Section 13. cr7 measurements, 1 fast and slow measurement sequence – Campbell Scientific CR7 Measurement and Control System User Manual

13-1

SECTION 13. CR7 MEASUREMENTS

13.1 FAST AND SLOW MEASUREMENT

SEQUENCE

The CR7 makes voltage measurements by
integrating the input signal for a fixed time and
then holding the integrated value for the analog
to digital (A/D) conversion. The A/D conversion
is made with a 16 bit successive approximation
technique which resolves the signal voltage to
approximately one part in 30,000 of either the +
or - side of the full scale range (e.g., 1/30,000 x
5V = 166µV).

Integrating the signal removes noise that could
create an error if the signal were
instantaneously sampled and held for the A/D
conversion. The slow integration time provides
a more noise-free reading than the fast
integration time. One of the most common
sources of noise is 60 Hz from AC power lines.
The slow integration time of 16.67 milliseconds
is equal to one 60 Hz cycle so that during the
integration time the AC noise would integrate to
0.

There are several situations where the fast
integration time of 250 microseconds is
preferred. The fast integration time minimizes
time skew between measurements and
increases the throughput rate. The current drain
on the CR7 batteries is lower when fast
integration time is used because the I/O CPU is
switched on for shorter time periods. The fast
integration time should ALWAYS be used with
the AC half bridge (Instruction 5) when
measuring AC resistance or the output of an
LVDT. An AC resistive sensor will polarize if a
DC voltage is applied, causing erroneous
readings and sensor decay. The induced
voltage in an LVDT decays with time as current
in the primary coil shifts from the inductor to the
series resistance, a long integration time would
result in most of the integration taking place
after the signal had disappeared.

FIGURE 13.1-1. Timing of Single Ended

Measurement

Before making a series of measurements
prescribed by an Input Instruction, the CR7
makes a calibration measurement. The
calibration is accomplished by measuring two
known voltages which are sent through the
same amplifier circuit that will be used for the
measurements. The calibration for a single
ended measurement consists of measuring a
voltage which is 4/5ths of full scale and then
making a measurement with the input
grounded. A differential measurement is made
once with the inputs as connected and a second
time with the inputs reversed (Section 13.2):
calibration for differential measurements uses
voltages at ±4/5ths of full scale.

An offset error of up to 1 least significant bit can
occur in a slow, single ended measurement as
a result of dielectric absorption in the integrating
capacitor. This error is a function of the
previous measurement. If the CR7 is
programmed to make a single ended
measurement on the 5 volt range with the inputs
shorted, an error of -166 µV can be observed.

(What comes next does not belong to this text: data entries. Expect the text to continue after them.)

theorem theorem3p2:
  shows "(\<forall>p\<in>frakA. \<exists>!q. q \<in> Omega \<and> sys (fst p) (snd p) (fst q) (snd q))
    \<and> bij_betw corr frakA Omega
    \<and> corr ` {(a, al). -1 < al \<and> al < a \<and> a < 1} = {(l, m). l > 1 \<and> m > 1}
    \<and> corr ` {p \<in> frakA. fst p = 1} = {q \<in> Omega. fst q = 1}
    \<and> corr ` {p \<in> frakA. snd p = -1} = {q \<in> Omega. snd q = 1}
    \<and> corr (1, -1) = (1, 1)"
proof -
  have "\<exists>!q. q \<in> Omega \<and> sys (fst p) (snd p) (fst q) (snd q)" if "p \<in> frakA" for p
    using solution_iff_lam_mu[of "fst p" "snd p"] that by simp
  moreover have "fst (corr p) = 1 \<longleftrightarrow> fst p = 1" "snd (corr p) = 1 \<longleftrightarrow> snd p = -1"
    if "p \<in> frakA" for p
    using that corr_eq lam_eq_one_iff mu_eq_one_iff by (auto simp: frakA_def)
  moreover have "{(a, al). -1 < al \<and> al < a \<and> a < 1} = {p \<in> frakA. \<not> (fst p = 1 \<or> snd p = -1)}"
    "{(l, m). l > 1 \<and> m > 1} = {q \<in> Omega. \<not> (fst q = 1 \<or> snd q = 1)}"
    by (auto simp: frakA_def Omega_def)
  moreover have "corr (1, -1) = (1, 1)"
    using corr_eq[of 1 "-1"] lam_one[of "-1"] mu_minus_one[of 1] by (simp add: frakA_def)
  ultimately show ?thesis
    using bij_betw_corr by (simp add: bij_betw_image_Collect)
qed

end
theorem lemma7p1:
  fixes k :: nat and \<gamma> :: real
  assumes "k \<ge> 2" and "0 < \<gamma>" and "\<gamma> \<le> 1/100"
  shows "\<exists>n0::nat. \<forall>n \<ge> n0. \<forall>H :: nat set set.
           kgraph n k H \<and> real (min_codegree n k H) \<ge> real n / 3
           \<longrightarrow> real (diamond_min_degree n k \<gamma> H) \<ge> real n / 10"
proof (intro exI[of _ "k + 10"] allI impI)
  fix n :: nat and H :: "nat set set"
  assume n: "k + 10 \<le> n" and H: "kgraph n k H \<and> real (min_codegree n k H) \<ge> real n / 3"
  obtain x where "x < n" and x: "diamond_min_degree n k \<gamma> H = card {y \<in> {..<n}. diamond_adj n k \<gamma> H x y}"
    using diamond_min_degree_attained[of n k \<gamma> H] n by auto
  define d where "d = real (min_codegree n k H)"
  define Y where "Y = real (diamond_min_degree n k \<gamma> H)"
  have "d * (d - 1 - Y) \<le> \<gamma> * (real n)\<^sup>2"
    using diamond_degree_bound[of n k H x \<gamma>] H n \<open>x < n\<close> assms unfolding d_def Y_def x by simp
  also have "\<dots> \<le> (real n)\<^sup>2 / 100"
    using mult_right_mono[OF assms(3), of "(real n)\<^sup>2"] by simp
  finally have bound: "d * (d - 1 - Y) \<le> (real n)\<^sup>2 / 100" .
  show "real n / 10 \<le> Y"
  proof (rule ccontr)
    assume "\<not> real n / 10 \<le> Y"
    then have "7 * n / 30 - 1 \<le> d - 1 - Y" and "n / 3 \<le> d" and "0 \<le> 7 * n / 30 - 1"
      using H n unfolding d_def by auto
    then have "n / 3 * (7 * n / 30 - 1) \<le> d * (d - 1 - Y)"
      by (intro mult_mono) auto
    moreover have "n / 3 * (7 * n / 30 - 1) = 7 / 90 * (real n)\<^sup>2 - n / 3"
      by (simp add: algebra_simps power2_eq_square)
    moreover have "10 * real n \<le> (real n)\<^sup>2" "10 \<le> real n"
      using n by (simp_all add: power2_eq_square)
    ultimately show False
      using bound by linarith
  qed
qed

end
lemma det_rank_one_update_rows:
  fixes A :: "'a::comm_ring_1^'n^'n"
  assumes "finite R"
  shows "det (\<chi> i. if i \<in> R then row i A + (x * u i) *s v else row i A)
     = det A + x * (\<Sum>j\<in>R. u j * det (\<chi> i. if i = j then v else row i A))"
  using assms
proof (induction R rule: finite_induct)
  case (insert j R)
  let ?M = "\<chi> i. if i \<in> R then row i A + (x * u i) *s v else row i A"
  let ?Aj = "\<chi> i. if i = j then v else row i A"
  have M: "(\<chi> i. if i = j then row j A else row i ?M) = ?M"
    using insert.hyps by (auto simp: vec_eq_iff row_def)
  have "det (\<chi> i. if i = j then v else row i ?M)
      = det (\<chi> i. if i \<in> R then row i ?Aj + (x * u i) *s row j ?Aj else row i ?Aj)"
    using insert.hyps by (intro arg_cong[of _ _ det]) (auto simp: vec_eq_iff row_def)
  also have "\<dots> = det ?Aj" using insert.hyps by (rule det_add_multiples_of_row)
  finally have Aj: "det (\<chi> i. if i = j then v else row i ?M) = det ?Aj" .
  have "det (\<chi> i. if i \<in> insert j R then row i A + (x * u i) *s v else row i A)
      = det (\<chi> i. if i = j then row j A + (x * u j) *s v else row i ?M)"
    using insert.hyps by (intro arg_cong[of _ _ det]) (auto simp: vec_eq_iff row_def)
  also have "\<dots> = det (\<chi> i. if i = j then row j A else row i ?M)
      + det (\<chi> i. if i = j then (x * u j) *s v else row i ?M)"
    by (rule det_row_add)
  also have "\<dots> = det ?M + (x * u j) * det ?Aj"
    unfolding M det_row_mul Aj ..
  also have "\<dots> = det A + x * (\<Sum>j\<in>insert j R. u j * det (\<chi> i. if i = j then v else row i A))"
    using insert.IH insert.hyps by (simp add: algebra_simps)
  finally show ?case .
qed (simp add: row_def)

13.2 SINGLE ENDED AND DIFFERENTIAL

VOLTAGE MEASUREMENTS

NOTE: The channel numbering on the
Analog Input cards refers to differential
channels. Either the high or low side of a
differential channel can be used for single
ended measurements so each side must be
counted when numbering single ended
channels, e.g., the high and low sides of
differential channel 14 are single ended
channels 27 and 28, respectively.

The timing and sequence of a single ended
measurement is shown in Figure 13.1-1. A
single ended measurement is made on a single
input which is referenced to ground. A single
integration is performed for each measurement.
A differential measurement measures the
difference in voltage between two inputs. The
measurement sequence on a differential
measurement involves two integrations: first
with the high input referenced to the low, then
with the inputs reversed. (Figure 13.2-1). The
CR7 computes the differential voltage by
averaging the magnitude of the results from the
two integrations and using the polarity from the
first.